▸ **Problem**: Only lines with the word "forall" are wanted; copy each of them from the listing below.

▸ **The data**:
lemma approx_tuples_eq_image:
  assumes "s < m"
  shows "approx_tuples m n \<alpha> c (b(s := A)) (- B)
       = (\<lambda>(W, v). W(s := v)) ` (SIGMA W:tuples_zero_at m n b s. approx_vecs n \<alpha> (slot_matrix m n c W s) A B)"
    (is "?T = ?image")
proof
  show "?image \<subseteq> ?T"
    by (auto simp: fun_upd_in_approx_tuples_iff[OF assms])
  show "?T \<subseteq> ?image"
  proof
    fix Z assume Z: "Z \<in> ?T"
    have W: "Z(s := 0) \<in> tuples_zero_at m n b s"
      using Z assms by (auto simp: approx_tuples_def tuples_zero_at_def)
    then have "Z s \<in> approx_vecs n \<alpha> (slot_matrix m n c (Z(s := 0)) s) A B"
      using Z fun_upd_in_approx_tuples_iff[OF assms W, of "Z s"] by simp
    then show "Z \<in> ?image"
      using W by (intro image_eqI[of _ _ "(Z(s := 0), Z s)"]) auto
  qed
qed

lemma finite_tuples_zero_at:
  "finite (tuples_zero_at m n b s :: (nat \<Rightarrow> nat \<Rightarrow> 'a::{finite,zero} poly) set)"
proof (rule finite_subset)
  let ?V = "\<Union>t<m. bounded_vecs n (b t) :: (nat \<Rightarrow> 'a poly) set"
  show "tuples_zero_at m n b s \<subseteq> {Z. \<forall>t. (t \<in> {..<m} \<longrightarrow> Z t \<in> ?V) \<and> (t \<notin> {..<m} \<longrightarrow> Z t = 0)}"
  proof (rule subsetI, rule CollectI)
    fix Z :: "nat \<Rightarrow> nat \<Rightarrow> 'a poly" assume Z: "Z \<in> tuples_zero_at m n b s"
    have "Z t \<in> ?V" if "t < m" for t
      using Z that by (cases "t = s") (auto simp: tuples_zero_at_def bounded_vecs_def)
    then show "\<forall>t. (t \<in> {..<m} \<longrightarrow> Z t \<in> ?V) \<and> (t \<notin> {..<m} \<longrightarrow> Z t = 0)"
      using Z by (auto simp: tuples_zero_at_def)
  qed
qed (intro finite_set_of_finite_funs finite_lessThan finite_UN_I finite_bounded_vecs)

lemma card_approx_tuples_eq_sum:
  fixes \<alpha> :: "int \<Rightarrow> 'a::{finite,comm_semiring_1}"
  assumes "s < m"
  shows "card (approx_tuples m n \<alpha> c (b(s := A)) (- B))
       = (\<Sum>W\<in>tuples_zero_at m n b s. card (approx_vecs n \<alpha> (slot_matrix m n c W s) A B))"
proof -
  have inj: "inj_on (\<lambda>(W, v). W(s := v)) (SIGMA W:tuples_zero_at m n b s. approx_vecs n \<alpha> (slot_matrix m n c W s) A B)"
  proof (rule inj_onI, clarify)
    fix W W' :: "nat \<Rightarrow> nat \<Rightarrow> 'a poly" and v v' :: "nat \<Rightarrow> 'a poly"
    assume W: "W \<in> tuples_zero_at m n b s" "W' \<in> tuples_zero_at m n b s"
      and eq: "W(s := v) = W'(s := v')"
    have "W t = W' t" for t
      using fun_cong[OF eq, of t] W by (cases "t = s") (auto simp: tuples_zero_at_def)
    moreover have "v = v'"
      using fun_cong[OF eq, of s] by simp
    ultimately show "W = W' \<and> v = v'"
      by auto
  qed
  show ?thesis
    unfolding approx_tuples_eq_image[OF assms] card_image[OF inj]
    by (rule card_SigmaI) (simp_all add: finite_tuples_zero_at finite_approx_vecs)
qed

▸ **Result**:
  show "tuples_zero_at m n b s \<subseteq> {Z. \<forall>t. (t \<in> {..<m} \<longrightarrow> Z t \<in> ?V) \<and> (t \<notin> {..<m} \<longrightarrow> Z t = 0)}"
    then show "\<forall>t. (t \<in> {..<m} \<longrightarrow> Z t \<in> ?V) \<and> (t \<notin> {..<m} \<longrightarrow> Z t = 0)"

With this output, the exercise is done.